We analyzed almost 4 billion requests and 1.3 billion impressions generated by US users on 179 websites from July 15th to September 30th, 2017.
Please, mind that the report is based ONLY on the Prebid Analytics by Roxot users data and might be biased to some of the bidders. The users might have implemented demand partners incorrectly, which would affect the results of this report. However, we took measures to prevent any data inconsistency:
  • Reduced data contribution of the sites with total revenue share higher than 20%
  • Excluded sites with abnormal bidder behavior (e.g. 0 bids, bid rate lower than 5% or higher than 90%)
  • Excluded sites with less than 50% US traffic
  • Combined data of different adapters for the same demand provider (e.g PulsePoint and PulsePoint Lite, AppNexus and AppNexus AST, etc.)
Site Performance Analysis
Site Fill Rate* depending on the number of prebid.js bidders on a site
In the pursuit of maximized revenue, publishers try to increase the fill of their inventory by often blindly adding new partners. The research shows that, indeed, the Site Fill Rate correlates with the number of demand partners on the site. The biggest Fill Rate gap is between publishers who use 4-5 bidders and publishers who use 6-8 bidders.
*Site Fill Rate - how often there is at least one bid for an ad request
Site Impression Rate* depending on the number of prebid.js bidders used
The Site Impression Rate shows how prebid.js bidders compete with demand in an ad server (e.g. AdX or AdSense). In contrast to the Site Fill Rate, Impression Rate grows steadily with the increase of the number of bidders on a site. Although, adding more than 8 demand partners would not significantly increase your Desktop Impression Rate.
*Impression Rate - how often a Prebid.js winning ad is actually rendered. This metric shows how prebid.js competes with demand in the ad server.
Bidder Performance Analysis
Top 10 bidders by number of requests* received
The number of ad requests usually represents the level of bidder's adoption. The more publishers a demand partner works with, the more ad requests it receives. However, it might be a result of the bidder's simple integration process or loose integration requirements.
*Requests - a number of ad auctions a bidder was requested to participate in. Multiple requests for different ad sizes from the same ad unit count as one request.
Top bidders by Bid Rate*
The Bid Rate shows how often a demand partner replies with a bid to an ad request. If there is no bid, demand partner might be too slow or not have ads for a particular website visitor. In combination with the level of bidder's adoption, bidding frequency is a good indicator of demand partner's efficiency.
*Bid Rate - how often a bidder replies with a bid to an ad request
Top bidders by Win Rate*
The Win Rate shows how a bidder competes with other partners in the header.
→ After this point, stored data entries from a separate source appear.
(* Let $F$, $H$, $X$, $\Omega$, $Q$ and the sequences generated by the IneIREG method be as described in the context, and suppose $H$ is $\mu$-strongly monotone for some $\mu>0$. Suppose $0<\lambda_k<1/L_k$ for all $k\ge0$, where $L_k:=L_F+\eta_kL_H$; and $\alpha_0\in[0,1]$ and $\alpha_{k+1}\le(1-\beta_k)\alpha_k$ for all $k\ge0$, where $\beta_k:=\big(\frac{1}{1-\lambda_k^2L_k^2}+\frac{1}{2\lambda_k\eta_k\mu}\big)^{-1}$. Define $p_{-1}:=1$, $p_k:=\big(\prod_{i=0}^k(1-\beta_i)\big)^{-1}$ for $k\ge0$, and for $k\ge1$, $\Lambda_k:=\sum_{j=0}^{k-1}\lambda_j\eta_jp_j$, $\overline y_k:=\Lambda_k^{-1}\sum_{j=0}^{k-1}\lambda_j\eta_jp_jy_j$. Then for all $k\ge1$, $$-B_H\,\mathrm{dist}(\overline y_k,Q)\le\mathrm{Gap}(\overline y_k,H,Q)\le\frac{1}{\Lambda_k}\Big(\frac{D_X^2+\sum_{j=0}^{k-1}p_{j-1}\delta_j}{2}\Big).$$
   Context: Work in $\mathbb{R}^n$ with Euclidean inner product $\langle\cdot,\cdot\rangle$ and norm $\|\cdot\|$. The maps $F\colon \mathrm{Dom}\,F\to\mathbb{R}^n$ and $H\colon\mathrm{Dom}\,H\to\mathbb{R}^n$ are monotone and Lipschitz continuous with constants $L_F>0$ and $L_H>0$; $H$ is $\mu$-strongly monotone means $\langle H(x)-H(y),x-y\rangle\ge\mu\|x-y\|^2$ for all $x,y\in\mathrm{Dom}\,H$. $X$ is a nonempty compact convex set and $\Omega$ a nonempty closed convex set with $X\subset\Omega\subset\mathrm{Dom}\,F\cap\mathrm{Dom}\,H$; $P_X,P_\Omega$ denote orthogonal projections. $Q:=\{x\in X:\langle F(x),y-x\rangle\ge0\ \forall y\in X\}$ is assumed nonempty. $D_X:=\sup_{x,y\in X}\|x-y\|$, $B_H:=\sup_{x\in Q}\|H(x)\|$, $\mathrm{dist}(y,Q)$ is the Euclidean distance to $Q$. $\mathrm{Gap}(z,H,Q):=\sup_{x\in Q}\langle H(x),z-x\rangle$. IneIREG method: start with $x_0=x_{-1}\in X$; for $k=0,1,\dots$, with parameters $\alpha_k\ge0$, $\lambda_k>0$, $\eta_k>0$, set $w_k=x_k+\alpha_k(x_k-x_{k-1})$, $w'_k=P_\Omega(w_k)$, $y_k=P_X\big(w_k-\lambda_k(F(w'_k)+\eta_kH(w'_k))\big)$, $x_{k+1}=P_X\big(w_k-\lambda_k(F(y_k)+\eta_kH(y_k))\big)$. Also $\delta_k:=\alpha_k(1+\alpha_k)\|x_k-x_{k-1}\|^2$ for $k\ge0$. *)

theory Defs
  imports "HOL-Analysis.Analysis"
begin

definition monotone_op :: "'a::real_inner set \<Rightarrow> ('a \<Rightarrow> 'a) \<Rightarrow> bool" where
  "monotone_op D F \<longleftrightarrow> (\<forall>x\<in>D. \<forall>y\<in>D. inner (F x - F y) (x - y) \<ge> 0)"

definition strongly_monotone_op :: "real \<Rightarrow> 'a::real_inner set \<Rightarrow> ('a \<Rightarrow> 'a) \<Rightarrow> bool" where
  "strongly_monotone_op \<mu> D H \<longleftrightarrow>
     (\<forall>x\<in>D. \<forall>y\<in>D. inner (H x - H y) (x - y) \<ge> \<mu> * (norm (x - y))\<^sup>2)"

definition VI_sol :: "('a::real_inner \<Rightarrow> 'a) \<Rightarrow> 'a set \<Rightarrow> 'a set" where
  "VI_sol F X = {x \<in> X. \<forall>y\<in>X. inner (F x) (y - x) \<ge> 0}"

definition Gap :: "'a::real_inner \<Rightarrow> ('a \<Rightarrow> 'a) \<Rightarrow> 'a set \<Rightarrow> real" where
  "Gap z H Q = (SUP x\<in>Q. inner (H x) (z - x))"

definition ireg_beta :: "real \<Rightarrow> real \<Rightarrow> real \<Rightarrow> real \<Rightarrow> real \<Rightarrow> real" where
  "ireg_beta LF LH \<mu> lam eta =
     inverse (1 / (1 - lam\<^sup>2 * (LF + eta * LH)\<^sup>2) + 1 / (2 * lam * eta * \<mu>))"

end

theory Submission
  imports Defs
begin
To get impressions and generate revenue a bidder has to both bid often and win often. A high Bid Rate would mean nothing if partner's bids never win.
*Win Rate - how often bidder's bids win prebid auctions
Top 10 bidders by the number of Impressions
The table below represents bidders' share of Total Impressions (ads that won both header bidding and ad server auctions). Comparing percentage of total impressions with the number of requests a bidder received, you can analyze a bidder's effectiveness. The bigger the difference, the less effective a bidder is.
Top bidders by revenue generated
The table below represents bidders' share of total revenue from rendered ads (Impressions) and shows how much each bidder contributes to publishers' total revenue. Some of the bidders might receive fewer requests, get fewer impressions, but generate more revenue than other bidders. Also, pay attention to the difference between desktop and mobile performance.
Conclusion
In collaboration with Prebid Analytics by Roxot users, we presented you a performance overview of the top header bidding demand partners. The data does not represent the whole market but it gives the clear understanding of the top bidders performance and implementation trends that can be used to adjust your monetization strategy:

  • The report shows that the Site Fill Rate (how often there is at least one bid for an ad request) correlates with the number of demand partners on the site. The biggest Fill Rate gap is between publishers who use 4-5 bidders and publishers who use 6-8 bidders (from 73% to 86% on Desktop, and 45% to 70% on Mobile). In contrast to the Site Fill Rate, the Impression Rate grows steadily with the increase of the number of bidders on a site.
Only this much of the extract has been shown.